== TASK GOAL ==
Nothing may be left out, so copy every entry exactly.

== Dataset entries ==
=====

lemma CD_padic_point_2_iff:
  fixes D :: int
  assumes "squarefree D"
  shows "CD_padic_point 2 D \<longleftrightarrow> padic_square 2 D"
proof
  assume "CD_padic_point 2 D"
  then obtain y0 y1 y2 y3 y4 where
    "8 dvd CD_f1 D y0 y1 y2 y3 y4" "8 dvd CD_f2 D y0 y1 y2 y3 y4" "8 dvd CD_f3 D y0 y1 y2 y3 y4"
    and "\<not> (even y0 \<and> even y1 \<and> even y2 \<and> even y3 \<and> even y4)"
    using CD_padic_point_primitive_solution[of 2 D 3] by auto
  then have "D mod 8 \<in> {0,1,4}" using CD_solution_mod_8_even by blast
  moreover have "\<not> (4::int) dvd D" using squarefree_not_square_dvd[OF assms, of 2] by simp
  then have "D mod 8 \<noteq> 0" "D mod 8 \<noteq> 4" by presburger+
  ultimately have "D mod 8 = 1" by blast
  then show "padic_square 2 D" by (rule padic_square_2)
qed (simp add: CD_padic_point_if_padic_square)

lemma no_CD_padic_point_odd_prime:
  fixes p D :: int
  assumes "squarefree D" "prime p"
    and solution_mod_p: "\<And>y0 y1 y2 y3 y4. p dvd CD_f1 D y0 y1 y2 y3 y4 \<Longrightarrow>
      p dvd CD_f2 D y0 y1 y2 y3 y4 \<Longrightarrow> p dvd CD_f3 D y0 y1 y2 y3 y4 \<Longrightarrow>
      p dvd y0 \<and> p dvd y1 \<and> p dvd y2 \<and> p dvd y4"
  shows "\<not> CD_padic_point p D"
proof
  assume "CD_padic_point p D"
  then obtain y0 y1 y2 y3 y4 where
    f: "p^2 dvd CD_f1 D y0 y1 y2 y3 y4" "p^2 dvd CD_f2 D y0 y1 y2 y3 y4" "p^2 dvd CD_f3 D y0 y1 y2 y3 y4"
    and primitive: "\<not> (p dvd y0 \<and> p dvd y1 \<and> p dvd y2 \<and> p dvd y3 \<and> p dvd y4)"
    using CD_padic_point_primitive_solution[of p D 2] by auto
  have "p dvd p^2" by (simp add: power2_eq_square)
  then have y: "p dvd y0" "p dvd y1" "p dvd y2" "p dvd y4"
    using solution_mod_p f dvd_trans by meson+
  with primitive have "\<not> p dvd y3" by blast
  \<comment> \<open>So modulo \<open>p\<^sup>2\<close> the second equation reduces to \<open>D y\<^sub>3\<^sup>2 \<equiv> 0\<close>.\<close>
  have "p^2 dvd y1^2" "p^2 dvd y2^2" using y by (simp_all add: dvd_power_same)
  then have "p^2 dvd CD_f2 D y0 y1 y2 y3 y4 - y1^2 + 2 * y2^2" using f(2) by simp
  then have "p^2 dvd D * y3^2" by (simp add: CD_f2_def)
  moreover have "coprime (p^2) (y3^2)" using \<open>\<not> p dvd y3\<close> assms(2) by (simp add: prime_imp_coprime)
  ultimately have "p^2 dvd D" by (simp add: coprime_dvd_mult_left_iff)
  then show False using squarefree_not_square_dvd[OF assms(1)] assms(2) prime_gt_1_int by blast
qed

lemma CD_padic_point_3_iff:
  fixes D :: int
  assumes "squarefree D"
  shows "CD_padic_point 3 D \<longleftrightarrow> padic_square 3 D"
proof
  assume point: "CD_padic_point 3 D"
  have "D mod 3 = 1"
  proof (rule ccontr)
    assume "D mod 3 \<noteq> 1"
    have "\<not> CD_padic_point 3 D"
      by (intro no_CD_padic_point_odd_prime[OF assms] CD_solution_mod_3[OF \<open>D mod 3 \<noteq> 1\<close>])
        simp_all
    then show False using point by contradiction
  qed
  then show "padic_square 3 D" using padic_square_3_iff[OF assms] by simp
qed (simp add: CD_padic_point_if_padic_square)

lemma CD_padic_point_5_iff:
  fixes D :: int
  assumes "squarefree D"
  shows "CD_padic_point 5 D \<longleftrightarrow> padic_square 5 D"
proof
  assume point: "CD_padic_point 5 D"
  have "D mod 5 \<in> {1,4}"
  proof (rule ccontr)
    assume "D mod 5 \<notin> {1,4}"
    have "\<not> CD_padic_point 5 D"
      by (intro no_CD_padic_point_odd_prime[OF assms] CD_solution_mod_5[OF \<open>D mod 5 \<notin> {1,4}\<close>])
        simp_all
    then show False using point by contradiction
  qed
  then show "padic_square 5 D" using padic_square_5_iff[OF assms] by simp
qed (simp add: CD_padic_point_if_padic_square)

theorem lemma4p2:
  fixes D :: int
  assumes "squarefree D"
  shows "(CD_real_point D \<longleftrightarrow> real_square D) \<and> (real_square D \<longleftrightarrow> D > 0)
    \<and> (CD_padic_point 2 D \<longleftrightarrow> padic_square 2 D) \<and> (padic_square 2 D \<longleftrightarrow> D mod 8 = 1)
    \<and> (CD_padic_point 3 D \<longleftrightarrow> padic_square 3 D) \<and> (padic_square 3 D \<longleftrightarrow> D mod 3 = 1)
    \<and> (CD_padic_point 5 D \<longleftrightarrow> padic_square 5 D)
    \<and> (padic_square 5 D \<longleftrightarrow> D mod 5 = 1 \<or> D mod 5 = 4)"
proof -
  have "D \<noteq> 0" using assms by auto
  then show ?thesis
    using CD_real_point_iff real_square_iff CD_padic_point_2_iff[OF assms] padic_square_2_iff[OF assms]
      CD_padic_point_3_iff[OF assms] padic_square_3_iff[OF assms]
      CD_padic_point_5_iff[OF assms] padic_square_5_iff[OF assms]
    by blast
qed

end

=====

== ANSWER BOX ==
lemma CD_padic_point_2_iff:
  fixes D :: int
  assumes "squarefree D"
  shows "CD_padic_point 2 D \<longleftrightarrow> padic_square 2 D"
proof
  assume "CD_padic_point 2 D"
  then obtain y0 y1 y2 y3 y4 where
    "8 dvd CD_f1 D y0 y1 y2 y3 y4" "8 dvd CD_f2 D y0 y1 y2 y3 y4" "8 dvd CD_f3 D y0 y1 y2 y3 y4"
    and "\<not> (even y0 \<and> even y1 \<and> even y2 \<and> even y3 \<and> even y4)"
    using CD_padic_point_primitive_solution[of 2 D 3] by auto
  then have "D mod 8 \<in> {0,1,4}" using CD_solution_mod_8_even by blast
  moreover have "\<not> (4::int) dvd D" using squarefree_not_square_dvd[OF assms, of 2] by simp
  then have "D mod 8 \<noteq> 0" "D mod 8 \<noteq> 4" by presburger+
  ultimately have "D mod 8 = 1" by blast
  then show "padic_square 2 D" by (rule padic_square_2)
qed (simp add: CD_padic_point_if_padic_square)

lemma no_CD_padic_point_odd_prime:
  fixes p D :: int
  assumes "squarefree D" "prime p"
    and solution_mod_p: "\<And>y0 y1 y2 y3 y4. p dvd CD_f1 D y0 y1 y2 y3 y4 \<Longrightarrow>
      p dvd CD_f2 D y0 y1 y2 y3 y4 \<Longrightarrow> p dvd CD_f3 D y0 y1 y2 y3 y4 \<Longrightarrow>
      p dvd y0 \<and> p dvd y1 \<and> p dvd y2 \<and> p dvd y4"
  shows "\<not> CD_padic_point p D"
proof
  assume "CD_padic_point p D"
  then obtain y0 y1 y2 y3 y4 where
    f: "p^2 dvd CD_f1 D y0 y1 y2 y3 y4" "p^2 dvd CD_f2 D y0 y1 y2 y3 y4" "p^2 dvd CD_f3 D y0 y1 y2 y3 y4"
    and primitive: "\<not> (p dvd y0 \<and> p dvd y1 \<and> p dvd y2 \<and> p dvd y3 \<and> p dvd y4)"
    using CD_padic_point_primitive_solution[of p D 2] by auto
  have "p dvd p^2" by (simp add: power2_eq_square)
  then have y: "p dvd y0" "p dvd y1" "p dvd y2" "p dvd y4"
    using solution_mod_p f dvd_trans by meson+
  with primitive have "\<not> p dvd y3" by blast
  \<comment> \<open>So modulo \<open>p\<^sup>2\<close> the second equation reduces to \<open>D y\<^sub>3\<^sup>2 \<equiv> 0\<close>.\<close>
  have "p^2 dvd y1^2" "p^2 dvd y2^2" using y by (simp_all add: dvd_power_same)
  then have "p^2 dvd CD_f2 D y0 y1 y2 y3 y4 - y1^2 + 2 * y2^2" using f(2) by simp
  then have "p^2 dvd D * y3^2" by (simp add: CD_f2_def)
  moreover have "coprime (p^2) (y3^2)" using \<open>\<not> p dvd y3\<close> assms(2) by (simp add: prime_imp_coprime)
  ultimately have "p^2 dvd D" by (simp add: coprime_dvd_mult_left_iff)
  then show False using squarefree_not_square_dvd[OF assms(1)] assms(2) prime_gt_1_int by blast
qed

lemma CD_padic_point_3_iff:
  fixes D :: int
  assumes "squarefree D"
  shows "CD_padic_point 3 D \<longleftrightarrow> padic_square 3 D"
proof
  assume point: "CD_padic_point 3 D"
  have "D mod 3 = 1"
  proof (rule ccontr)
    assume "D mod 3 \<noteq> 1"
    have "\<not> CD_padic_point 3 D"
      by (intro no_CD_padic_point_odd_prime[OF assms] CD_solution_mod_3[OF \<open>D mod 3 \<noteq> 1\<close>])
        simp_all
    then show False using point by contradiction
  qed
  then show "padic_square 3 D" using padic_square_3_iff[OF assms] by simp
qed (simp add: CD_padic_point_if_padic_square)

lemma CD_padic_point_5_iff:
  fixes D :: int
  assumes "squarefree D"
  shows "CD_padic_point 5 D \<longleftrightarrow> padic_square 5 D"
proof
  assume point: "CD_padic_point 5 D"
  have "D mod 5 \<in> {1,4}"
  proof (rule ccontr)
    assume "D mod 5 \<notin> {1,4}"
    have "\<not> CD_padic_point 5 D"
      by (intro no_CD_padic_point_odd_prime[OF assms] CD_solution_mod_5[OF \<open>D mod 5 \<notin> {1,4}\<close>])
        simp_all
    then show False using point by contradiction
  qed
  then show "padic_square 5 D" using padic_square_5_iff[OF assms] by simp
qed (simp add: CD_padic_point_if_padic_square)

theorem lemma4p2:
  fixes D :: int
  assumes "squarefree D"
  shows "(CD_real_point D \<longleftrightarrow> real_square D) \<and> (real_square D \<longleftrightarrow> D > 0)
    \<and> (CD_padic_point 2 D \<longleftrightarrow> padic_square 2 D) \<and> (padic_square 2 D \<longleftrightarrow> D mod 8 = 1)
    \<and> (CD_padic_point 3 D \<longleftrightarrow> padic_square 3 D) \<and> (padic_square 3 D \<longleftrightarrow> D mod 3 = 1)
    \<and> (CD_padic_point 5 D \<longleftrightarrow> padic_square 5 D)
    \<and> (padic_square 5 D \<longleftrightarrow> D mod 5 = 1 \<or> D mod 5 = 4)"
proof -
  have "D \<noteq> 0" using assms by auto
  then show ?thesis
    using CD_real_point_iff real_square_iff CD_padic_point_2_iff[OF assms] padic_square_2_iff[OF assms]
      CD_padic_point_3_iff[OF assms] padic_square_3_iff[OF assms]
      CD_padic_point_5_iff[OF assms] padic_square_5_iff[OF assms]
    by blast
qed

end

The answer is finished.